§ PROBLEM TO WORK ON:
In the entries below, find each line bearing the string "assumes" and copy it.
===== DATA
lemma occ_fix_last_column:
  assumes OA: "is_OA 1 3 (k + 1) V A" and "finite V" "L \<subseteq> V"
    and "a < b" "b < k" "x \<in> V" "y \<in> V"
  shows "occ (filter (\<lambda>r. r ! k \<in> L) A) [a, b] [x, y] = card L"
proof -
  let ?xs = "filter (\<lambda>r. proj r [a, b] = [x, y]) (filter (\<lambda>r. r ! k \<in> L) A)"
  have "finite L" using assms(2,3) finite_subset by blast
  have "occ (filter (\<lambda>r. r ! k \<in> L) A) [a, b] [x, y] = length (map (\<lambda>r. r ! k) ?xs)"
    by (simp add: occ_def)
  also have "\<dots> = (\<Sum>l\<in>L. count_list (map (\<lambda>r. r ! k) ?xs) l)"
    using \<open>finite L\<close> by (subst sum_count_set) auto
  also have "\<dots> = (\<Sum>l\<in>L. occ A [a, b, k] [x, y, l])"
  proof (rule sum.cong[OF refl])
    fix l assume "l \<in> L"
    then have "filter (\<lambda>r. l = r ! k) ?xs = filter (\<lambda>r. proj r [a, b, k] = [x, y, l]) A"
      unfolding filter_filter by (intro filter_cong) (auto simp: proj_def)
    then show "count_list (map (\<lambda>r. r ! k) ?xs) l = occ A [a, b, k] [x, y, l]"
      by (simp add: occ_def count_list_eq_length_filter filter_map comp_def)
  qed
  also have "\<dots> = (\<Sum>l\<in>L. 1)"
  proof (rule sum.cong[OF refl])
    fix l assume "l \<in> L"
    then have "l \<in> V" using assms(3) by blast
    moreover have "sorted_wrt (<) [a, b, k]" "set [a, b, k] \<subseteq> {..<k + 1}"
      using assms(4,5) by auto
    ultimately show "occ A [a, b, k] [x, y, l] = 1"
      using assms(6,7) by (intro occ_OA_sorted_columns[OF OA]) auto
  qed
  finally show ?thesis by simp
qed

lemma OA_fix_last_column:
  assumes OA: "is_OA 1 3 (k + 1) V A" and "finite V" "L \<subseteq> V" "2 \<le> k"
  shows "is_OA (card L) 2 k V (map (take k) (filter (\<lambda>r. r ! k \<in> L) A))"
proof -
  let ?B = "map (take k) (filter (\<lambda>r. r ! k \<in> L) A)"
  have occ_B: "occ ?B [a, b] [x, y] = card L"
    if ab: "a < b" "b < k" and xy: "x \<in> V" "y \<in> V" for a b x y
  proof -
    have "occ ?B [a, b] [x, y] = occ (filter (\<lambda>r. r ! k \<in> L) A) [a, b] [x, y]"
      using ab by (simp add: occ_def filter_map comp_def proj_take)
    also have "\<dots> = card L"
      using occ_fix_last_column[OF assms(1-3) ab xy] .
    finally show ?thesis .
  qed
  have rows: "\<forall>r\<in>set ?B. length r = k \<and> set r \<subseteq> V"
  proof
    fix r assume "r \<in> set ?B"
    then obtain r0 where r0: "r0 \<in> set A" "r = take k r0" by auto
    have "length r0 = k + 1" "set r0 \<subseteq> V" using OA_row[OF OA r0(1)] by simp_all
    then show "length r = k \<and> set r \<subseteq> V" using r0(2) set_take_subset[of k r0] by auto
  qed
  have "length ?B = card L * card V ^ length [0, 1::nat]"
  proof (rule length_eq_if_balanced[OF assms(2)])
    show "\<forall>r\<in>set ?B. set (proj r [0, 1]) \<subseteq> V"
    proof
      fix r assume "r \<in> set ?B"
      with rows have "length r = k" "set r \<subseteq> V" by auto
      then show "set (proj r [0, 1]) \<subseteq> V" using assms(4) by (intro set_proj_subset) auto
    qed
    show "\<forall>x. length x = length [0, 1::nat] \<and> set x \<subseteq> V \<longrightarrow> occ ?B [0, 1] x = card L"
    proof (intro allI impI)
      fix x :: "'a list" assume x: "length x = length [0, 1::nat] \<and> set x \<subseteq> V"
      then obtain x0 x1 where "x = [x0, x1]" by (auto simp: length_Suc_conv)
      then show "occ ?B [0, 1] x = card L" using x assms(4) occ_B[of 0 1] by simp
    qed
  qed
  moreover have "occ ?B (sorted_list_of_set S) x = card L"
    if S: "S \<subseteq> {..<k}" "card S = 2" and x: "length x = 2" "set x \<subseteq> V" for S x
  proof -
    obtain a b where ab: "a < b" "S = {a, b}" "sorted_list_of_set S = [a, b]"
      using sorted_list_of_set_card_2 S(2) by blast
    obtain x0 x1 where "x = [x0, x1]"
      using x(1) by (auto simp: length_eq_2_conv)
    then show ?thesis using occ_B[of a b x0 x1] ab S(1) x(2) by auto
  qed
  ultimately show ?thesis
    using rows by (simp add: is_OA_def is_array_def power2_eq_square)
qed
==========
§ EXERCISE ANSWER:
  assumes OA: "is_OA 1 3 (k + 1) V A" and "finite V" "L \<subseteq> V"
  assumes OA: "is_OA 1 3 (k + 1) V A" and "finite V" "L \<subseteq> V" "2 \<le> k"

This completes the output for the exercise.